I am from Mom’s extended family that is knit so tightly we are busting from the seams,
A house filled with grandparents, aunts, uncles, and cousins.
Weekends of food and familiar faces—“you had better bring a pillow because we’re not leaving until the morning”.
Filipino American Association of Rockland, birthday parties, anniversary parties, holidays, graduation parties, and just parties—any excuse to get the family together.

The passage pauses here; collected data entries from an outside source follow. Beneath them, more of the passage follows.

(* Let $M\ge1$, $K\ge2$ and $n\ge MK$ be integers. For each problem $m\in\{1,\dots,M\}$ let $\nu_1(m),\dots,\nu_K(m)$ be probability distributions supported on $[0,1]$ with means $\mu_1(m)>\mu_2(m)>\cdots>\mu_K(m)$. Let $(J_1,1),\dots,(J_M,M)$ be the arms output by the multi-bandit SAR (Successive Accepts and Rejects) algorithm, described in the context, run with budget $n$. Then the probability of error $$e_n=\mathbb{P}\big(\exists m\in\{1,\dots,M\}: J_m\neq 1\big)$$ satisfies $$e_n\le 2M^2K^2\exp\left(-\frac{n-MK}{8\,\overline{\log}(MK)\,H_2^{[M]}}\right),$$ where $\overline{\log}(MK)=\frac12+\sum_{i=2}^{MK}\frac1i$.
   Context: Multi-bandit model. There are $M$ problems, each with $K$ arms; $(i,m)$ denotes arm $i$ in problem $m$, with unknown distribution $\nu_i(m)$ on $[0,1]$ and mean $\mu_i(m)$. At each round $t=1,\dots,n$ the agent chooses a pair $(I_t,m_t)$ (possibly depending on past observations) and observes a reward drawn from $\nu_{I_t}(m_t)$, independently of the past given the choice. Write $X_{i,s}(m)$ for the $s$-th reward obtained from arm $(i,m)$ and $\widehat\mu_{i,s}(m)=\frac1s\sum_{t=1}^sX_{i,t}(m)$. Gaps and complexity. For each problem $m$, let $\Delta_1(m)=\mu_1(m)-\mu_2(m)$ and $\Delta_i(m)=\mu_1(m)-\mu_i(m)$ for $i\neq1$. Let $\Delta_1^{[M]}\le\Delta_2^{[M]}\le\cdots\le\Delta_{MK}^{[M]}$ be the rearrangement in ascending order of the multiset $\{\Delta_i(m):1\le i\le K,\,1\le m\le M\}$, and set $H_2^{[M]}=\max_{k\in\{1,\dots,MK\}}k\,\big(\Delta_k^{[M]}\big)^{-2}$. Multi-bandit SAR algorithm. Let $A_1=\{(i,m):1\le i\le K,1\le m\le M\}$, $\overline{\log}(MK)=\frac12+\sum_{i=2}^{MK}\frac1i$, $n_0=0$, and for $k\in\{1,\dots,MK-1\}$ let $n_k=\left\lceil\frac{1}{\overline{\log}(MK)}\frac{n-MK}{MK+1-k}\right\rceil$. A problem is active at phase $k$ if it has at least one active arm in $A_k$. For each phase $k=1,\dots,MK-1$: (1) For each active pair $(i,m)\in A_k$, pull arm $i$ in problem $m$ exactly $n_k-n_{k-1}$ times. (2) For each active problem $m$, let $h_k(m)$ be an arm with the highest empirical mean $\widehat\mu_{i,n_k}(m)$ among the $i$ with $(i,m)\in A_k$. (3) If there is a problem $m$ such that $h_k(m)$ is the last active arm in problem $m$, then deactivate both the arm and the problem and accept the arm: set $A_{k+1}=A_k\setminus\{(h_k(m),m)\}$ and $J_m=h_k(m)$; in this case skip step (4). (4) Otherwise let $(i_k,m_k)\in\arg\max_{(i,m)\in A_k}\big(\widehat\mu_{h_k(m),n_k}(m)-\widehat\mu_{i,n_k}(m)\big)$ (ties broken arbitrarily) and deactivate it: $A_{k+1}=A_k\setminus\{(i_k,m_k)\}$. Output: the $M$ accepted arms $(J_1,1),\dots,(J_M,M)$, where the last accepted arm is the unique element of $A_{MK}$. *)

theory Defs
  imports "HOL-Probability.Probability" "HOL-Library.Multiset"
begin

text \<open>Arms are indexed i in {1..K}, problems m in {1..M}; arm 1 is the best arm.
  The randomness is modelled by a reward table: omega (i,m,s) is the s-th reward
  X_{i,s}(m) obtained from arm (i,m), s in {1..n}; the entries are independent with
  law nu i m.  The SAR algorithm is a deterministic function of this table and of
  (arbitrary, deterministic) tie-breaking rules.\<close>

definition logbar :: "nat \<Rightarrow> real" where
  "logbar N = 1/2 + (\<Sum>i=2..N. 1 / real i)"

definition sar_nk :: "nat \<Rightarrow> nat \<Rightarrow> nat \<Rightarrow> nat" where
  "sar_nk N n k = (if k = 0 then 0
     else nat \<lceil>(1 / logbar N) * ((real n - real N) / real (N + 1 - k))\<rceil>)"

definition emp_mean :: "(nat \<times> nat \<times> nat \<Rightarrow> real) \<Rightarrow> nat \<Rightarrow> nat \<Rightarrow> nat \<Rightarrow> real" where
  "emp_mean \<omega> t i m = (\<Sum>s\<in>{1..t}. \<omega> (i, m, s)) / real t"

Titos and Titas, Kuyas and Ates, everyone is your relative and it doesn’t matter if you’ve only known them for a minute
A family that is immigrating one person at a time,
Welcomed into a community that you can call “home”.
I am from Dad’s family who has found their sunshine in Texas, their snowdrifts in Denver, and their ambiance in Washington D.C.
Our circuit is built in a different way—the phone rings once a week, right on time,
I always know when it’s Uncle Otis… “How’s my favorite niece?”
“Haha Uncle, I’m your only niece.” Seven cousins, five boys, one baby girl.
A 60th wedding anniversary brings us home to Grandma and Grandpa
Who remind us that humble beginnings have always been what we’ve come back to
where everyone knows your name, your second cousin, and your last boyfriend
A place you can call “home”.
I am from great expectations and lots of room to fail,
A mom who was so expressive it made me cry,
A dad who had the same face for every occasion.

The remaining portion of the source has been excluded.